Consistently, 70% of credit union auto loan portfolios are used cars, reflecting the used-car finance market strength of these lenders. The credit union member is a good prospect. With more than 5,600 credit unions nationwide, representing more than 110 million credit union members, one in three Americans — and half of all employed Americans, are credit union members. This is a dynamic market segment increasingly pursued by auto dealers, which is why auto loan originations by the nation’s credit unions are setting a record pace.
Recent auto loan data continue to confirm the robust position credit unions enjoy. Credit unions held 19.2% of the vehicle finance market share, according to Callahan & Associates, and as a whole experienced almost 12% loan growth through year-end 2017, leading all lender types.

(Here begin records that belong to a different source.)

lemma lookup_contractS_Fbig:
  "coef (contractS s (Fbig :: 'k::comm_ring_1 dpS)) (q1, q2, q3) =
     (if q1 \<le> 1 \<and> q2 = 0 \<and> q3 \<le> 2 then coef s (1 - q1, 0, 2 - q3) else 0)
   - (if q1 = 0 \<and> q2 \<le> 1 \<and> q3 \<le> 2 then coef s (0, 1 - q2, 2 - q3) else 0)
   + (if q1 = 0 \<and> q2 \<le> 2 \<and> q3 \<le> 1 then coef s (0, 2 - q2, 1 - q3) else 0)
   - (if q1 \<le> 2 \<and> q2 = 0 \<and> q3 \<le> 1 then coef s (2 - q1, 0, 1 - q3) else 0)
   + (if q1 \<le> 2 \<and> q2 \<le> 1 \<and> q3 = 0 then coef s (2 - q1, 1 - q2, 0) else 0)
   - (if q1 \<le> 1 \<and> q2 \<le> 2 \<and> q3 = 0 then coef s (1 - q1, 2 - q2, 0) else 0)"
  by (subst lookup_contractS_supported[of "{(1,0,2), (0,1,2), (0,2,1), (2,0,1), (2,1,0), (1,2,0)}"])
    (auto simp: lookup_Fbig)

lemma AnnR_FB_iff:
  "f \<in> AnnR (FB :: 'k::comm_ring_1 dpR) \<longleftrightarrow> coef f (0,0) = 0 \<and> coef f (1,0) = coef f (0,1)"
proof
  assume "f \<in> AnnR FB"
  then have "\<And>q. coef (contractR f (FB :: 'k dpR)) q = 0" by (simp add: AnnR_def)
  from this[of "(0,0)"] this[of "(1,0)"] show "coef f (0,0) = 0 \<and> coef f (1,0) = coef f (0,1)"
    by (simp_all add: lookup_contractR_FB)
next
  assume "coef f (0,0) = 0 \<and> coef f (1,0) = coef f (0,1)"
  then have "coef (contractR f (FB :: 'k dpR)) (q1, q2) = 0" for q1 q2
    by (auto simp: lookup_contractR_FB le_Suc_eq)
  then show "f \<in> AnnR FB" by (auto simp: AnnR_def intro!: poly_mapping_eqI)
qed

lemma AnnR_G1_subset_AnnR_FB: "AnnR (G1 :: 'k::comm_ring_1 dpR) \<subseteq> AnnR FB"
proof
  fix f :: "'k polR"
  assume "f \<in> AnnR G1"
  then have "\<And>q. coef (contractR f (G1 :: 'k dpR)) q = 0" by (simp add: AnnR_def)
  from this[of "(0,2)"] this[of "(1,0)"] this[of "(0,1)"]
  show "f \<in> AnnR FB" by (simp add: lookup_contractR_G1 AnnR_FB_iff)
qed

lemma AnnS_Fbig_iff:
  "s \<in> AnnS (Fbig :: 'k::comm_ring_1 dpS) \<longleftrightarrow>
     coef s (0,0,0) = 0 \<and> coef s (1,0,0) = coef s (0,0,1) \<and> coef s (0,1,0) = coef s (0,0,1)
   \<and> coef s (0,0,2) - coef s (1,0,1) + coef s (1,1,0) - coef s (0,2,0) = 0
   \<and> coef s (2,0,0) - coef s (0,0,2) + coef s (0,1,1) - coef s (1,1,0) = 0
   \<and> coef s (1,0,2) - coef s (0,1,2) + coef s (0,2,1) - coef s (2,0,1)
       + coef s (2,1,0) - coef s (1,2,0) = 0"
  (is "_ \<longleftrightarrow> ?conditions")
proof
  assume "s \<in> AnnS Fbig"
  then have "\<And>q. coef (contractS s (Fbig :: 'k dpS)) q = 0" by (simp add: AnnS_def)
  from this[of "(0,0,0)"] this[of "(1,0,0)"] this[of "(0,1,0)"] this[of "(0,0,1)"]
    this[of "(2,0,0)"] this[of "(0,2,0)"] this[of "(0,0,2)"] this[of "(1,1,0)"]
    this[of "(1,0,1)"] this[of "(0,1,1)"] this[of "(1,0,2)"]
  show ?conditions by (simp add: lookup_contractS_Fbig algebra_simps)
next
  assume ?conditions
  then have "coef (contractS s (Fbig :: 'k dpS)) (q1, q2, q3) = 0" for q1 q2 q3
    by (auto simp: lookup_contractS_Fbig le_Suc_eq numeral_2_eq_2 algebra_simps)
  then show "s \<in> AnnS Fbig" by (auto simp: AnnS_def intro!: poly_mapping_eqI)
qed

lemma lookup_mult_single:
  "coef (a * Poly_Mapping.single k c) n = (\<Sum>l. coef a l * c when n = l + k)"
  for k :: "'a::cancel_comm_monoid_add" and c :: "'b::comm_semiring_1"
proof -
  have "((c when k = q) when n = l + q) = ((c when n = l + k) when k = q)" for q l
    by (auto simp: when_def)
  then have "(\<Sum>q. ((c when k = q) when n = l + q)) = (c when n = l + k)" for l
    by (simp only: Sum_any_when_equal')
  then show ?thesis by (simp add: lookup_mult lookup_single mult_when)
qed

lemma lookup_mult_single_shift:
  "coef (a * Poly_Mapping.single k c) (n + k) = coef a n * c"
  for k :: "'a::cancel_comm_monoid_add" and c :: "'b::comm_semiring_1"
  unfolding lookup_mult_single by simp

lemma lookup_mult_single_pair:
  "coef (a * Poly_Mapping.single (k1, k2) c) (n1, n2) =
     (if k1 \<le> n1 \<and> k2 \<le> n2 then coef a (n1 - k1, n2 - k2) * c else 0)"
  for k1 k2 n1 n2 :: nat and c :: "'b::comm_semiring_1"
proof (cases "k1 \<le> n1 \<and> k2 \<le> n2")
  case True
  then have "(n1, n2) = (n1 - k1, n2 - k2) + (k1, k2)" by simp
  with True show ?thesis by (metis lookup_mult_single_shift)
next
  case False
  then have "(n1, n2) \<noteq> l + (k1, k2)" for l by (auto simp: prod_eq_iff)
  then have "coef (a * Poly_Mapping.single (k1, k2) c) (n1, n2) = 0"
    unfolding lookup_mult_single by simp
  with False show ?thesis by auto
qed

lemma lookup_mult_single_triple:
  "coef (a * Poly_Mapping.single (k1, k2, k3) c) (n1, n2, n3) =
     (if k1 \<le> n1 \<and> k2 \<le> n2 \<and> k3 \<le> n3 then coef a (n1 - k1, n2 - k2, n3 - k3) * c else 0)"
  for k1 k2 k3 n1 n2 n3 :: nat and c :: "'b::comm_semiring_1"
proof (cases "k1 \<le> n1 \<and> k2 \<le> n2 \<and> k3 \<le> n3")
  case True
  then have "(n1, n2, n3) = (n1 - k1, n2 - k2, n3 - k3) + (k1, k2, k3)" by simp
  with True show ?thesis by (metis lookup_mult_single_shift)
next
  case False
  then have "(n1, n2, n3) \<noteq> l + (k1, k2, k3)" for l by (auto simp: prod_eq_iff)
  then have "coef (a * Poly_Mapping.single (k1, k2, k3) c) (n1, n2, n3) = 0"
    unfolding lookup_mult_single by simp
  with False show ?thesis by auto
qed

lemma ideal2_add:
  assumes "u \<in> ideal2 p q" and "v \<in> ideal2 p q"
  shows "u + v \<in> ideal2 p q"
proof -
  obtain a b c d where "u = a * p + b * q" and "v = c * p + d * q"
    using assms by (auto simp: ideal2_def)
  then have "u + v = (a + c) * p + (b + d) * q" by (simp add: algebra_simps)
  then show ?thesis unfolding ideal2_def by blast
qed

lemma ideal2_mult_left:
  assumes "u \<in> ideal2 p q"
  shows "r * u \<in> ideal2 p q"
proof -
  obtain a b where "u = a * p + b * q" using assms by (auto simp: ideal2_def)
  then have "r * u = (r * a) * p + (r * b) * q" by (simp add: algebra_simps)
  then show ?thesis unfolding ideal2_def by blast
qed

lemma ideal2_zero: "0 \<in> ideal2 p q"
  unfolding ideal2_def by (rule CollectI, rule exI[of _ 0], rule exI[of _ 0]) simp

lemma ideal2_sum: "(\<And>i. i \<in> A \<Longrightarrow> g i \<in> ideal2 p q) \<Longrightarrow> sum g A \<in> ideal2 p q"
  by (induction A rule: infinite_finite_induct) (auto intro: ideal2_add ideal2_zero)

lemma ideal2_left: "p \<in> ideal2 p q"
  unfolding ideal2_def by (rule CollectI, rule exI[of _ 1], rule exI[of _ 0]) simp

Dealers engaging credit union members recognize these buyers’ affinity to their local communities — and their credit union’s endorsement of local businesses, including auto dealers.
It’s partly because of this synergy that auto dealers who work with credit unions to originate auto loans enjoy significant market advantages. These lenders provide greater loan flexibility for consumers to buy more vehicle than they might otherwise. These consumers typically purchase one or more aftermarket products, such as a vehicle service contract, GAP, or prepaid maintenance to protect their vehicle investment and budget.
CU Direct’s 1,100 credit unions became the nation’s leading auto lender in 2017, with 16.2% loan growth year-end, the second-highest loan-origination growth rate among the top 10 lenders in the country, according to data from AutoCount. Through February of 2018, we’ve seen this trend continue, as credit unions on the CUDL platform have maintained their No. 1 position in the marketplace, experiencing 13.5% year-over-year growth.
Credit unions on my company’s platform funded 1.8 million loans last year, generating a record $39 billion in credit union auto loans, surpassing the company’s record $32 billion in loans funded in 2016. There is recognized value in using lending technology that opens the door for dealers to work with and expedite loans through credit unions, for which market growth has come, in part, from the market pullback by some banks and other finance sources.
What This Means for Dealers
Auto lending is one of the cores of what credit unions do, and they continue to be aggressive in expanding their auto portfolios because their collective relationship with dealerships is as good as it’s ever been.
As a result, credit unions are seizing the opportunity in auto lending, and we don’t anticipate that tapering off. When it comes to retail auto lending, credit unions are the only finance sector that has exhibited growth and grown portfolios.
For dealers to effectively tap into the growing consumer interest in purchasing used cars to increase sales, gain new customers, and build brand loyalty, collaborating with credit unions makes good business sense.